- Exercise goal
Search the records below for the string "assumes", and report each line that contains it.

==*==

lemma G'_condition_if_normalized:
  fixes x z :: "nat \<Rightarrow> real"
  assumes terrain: "is_terrain 7 x" and z: "z 3 = 0" "z 6 = 0"
    and below_043: "strictly_below x z 0 4 3"
    and below_263: "strictly_below x z 2 6 3"
    and below_364: "strictly_below x z 3 6 4"
    and not_below_021: "\<not> strictly_below x z 0 2 1"
    and not_below_153: "\<not> strictly_below x z 1 5 3"
    and not_below_465: "\<not> strictly_below x z 4 6 5"
  shows "G'_condition x"
proof (rule G'_condition_if_height_bounds[OF terrain, where h = "- z 4" and k = "- z 5"])
  have x: "x 0 < x 1" "x 1 < x 2" "x 2 < x 3" "x 3 < x 4" "x 4 < x 5" "x 5 < x 6"
    using is_terrain_less[OF terrain] by simp_all
  have "z 4 * (x 6 - x 3) < 0"
    using below_364 x z by (simp add: strictly_below_iff_cross)
  then show "0 < - z 4" using x by (simp add: mult_less_0_iff)
  have "z 2 * (x 6 - x 3) > 0"
    using below_263 x z by (simp add: strictly_below_iff_cross algebra_simps)
  then have "0 < z 2 * (x 1 - x 0)" using x by (simp add: zero_less_mult_iff)
  moreover have "z 0 * (x 2 - x 1) + z 2 * (x 1 - x 0) \<le> z 1 * (x 2 - x 0)"
    using not_below_021 x by (simp add: strictly_below_iff_cross algebra_simps)
  ultimately show "z 0 * (x 2 - x 1) < z 1 * (x 2 - x 0)" by linarith
  show "- z 4 * (x 3 - x 0) < z 0 * (x 4 - x 3)"
    using below_043 x z by (simp add: strictly_below_iff_cross algebra_simps)
  show "z 1 * (x 5 - x 3) \<le> - z 5 * (x 3 - x 1)"
    using not_below_153 x z by (simp add: strictly_below_iff_cross algebra_simps)
  show "- z 5 * (x 6 - x 4) \<le> - z 4 * (x 6 - x 5)"
    using not_below_465 x z by (simp add: strictly_below_iff_cross algebra_simps)
qed

lemma G'_condition_if_G'_visibility:
  assumes terrain: "is_terrain 7 x" and G': "G'_visibility x y"
  shows "G'_condition x"
proof -
  define a where "a = - slope x y 3 6"
  define z where "z = (\<lambda>k. y k + a * x k + (- a * x 3 - y 3))"
  have z: "z 3 = 0" "z 6 = 0"
    using is_terrain_less[OF terrain, of 3 6] by (simp_all add: z_def a_def slope_def field_simps)
  have "G'_visibility x z"
    unfolding z_def using G' G'_visibility_add_affine[OF terrain] by simp
  then have visible: "sees x z 0 4" "sees x z 2 6" "sees x z 3 6" "sees x z 1 3"
    and hidden: "\<not> sees x z 0 2" "\<not> sees x z 1 4" "\<not> sees x z 1 5" "\<not> sees x z 4 6"
    unfolding G'_visibility_def by simp_all
  have below: "strictly_below x z 0 4 3" "strictly_below x z 2 6 3" "strictly_below x z 3 6 4"
    using sees_imp_strictly_below[OF visible(1), of 3] sees_imp_strictly_below[OF visible(2), of 3]
      sees_imp_strictly_below[OF visible(3), of 4]
    by simp_all
  have "\<not> strictly_below x z 0 2 1"
    by (rule not_sees_two_apart[OF hidden(1)]) simp_all
  moreover have "\<not> strictly_below x z 1 5 3"
  proof -
    have hidden_from_1: "\<not> sees x z 1 m" if "3 < m" "m \<le> 5" for m
    proof -
      have "m = 4 \<or> m = 5" using that by auto
      then show ?thesis using hidden by auto
    qed
    have "slope x z 1 5 \<le> slope x z 1 3"
      by (rule slope_le_if_hidden[where l = 5, OF terrain _ _ visible(4) hidden_from_1]) simp_all
    then show ?thesis using terrain by (simp add: strictly_below_iff_slope_left)
  qed
  moreover have "\<not> strictly_below x z 4 6 5"
    by (rule not_sees_two_apart[OF hidden(4)]) simp_all
  ultimately show ?thesis by (rule G'_condition_if_normalized[OF terrain z below])
qed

==*==

- Result below
  assumes terrain: "is_terrain 7 x" and z: "z 3 = 0" "z 6 = 0"
  assumes terrain: "is_terrain 7 x" and G': "G'_visibility x y"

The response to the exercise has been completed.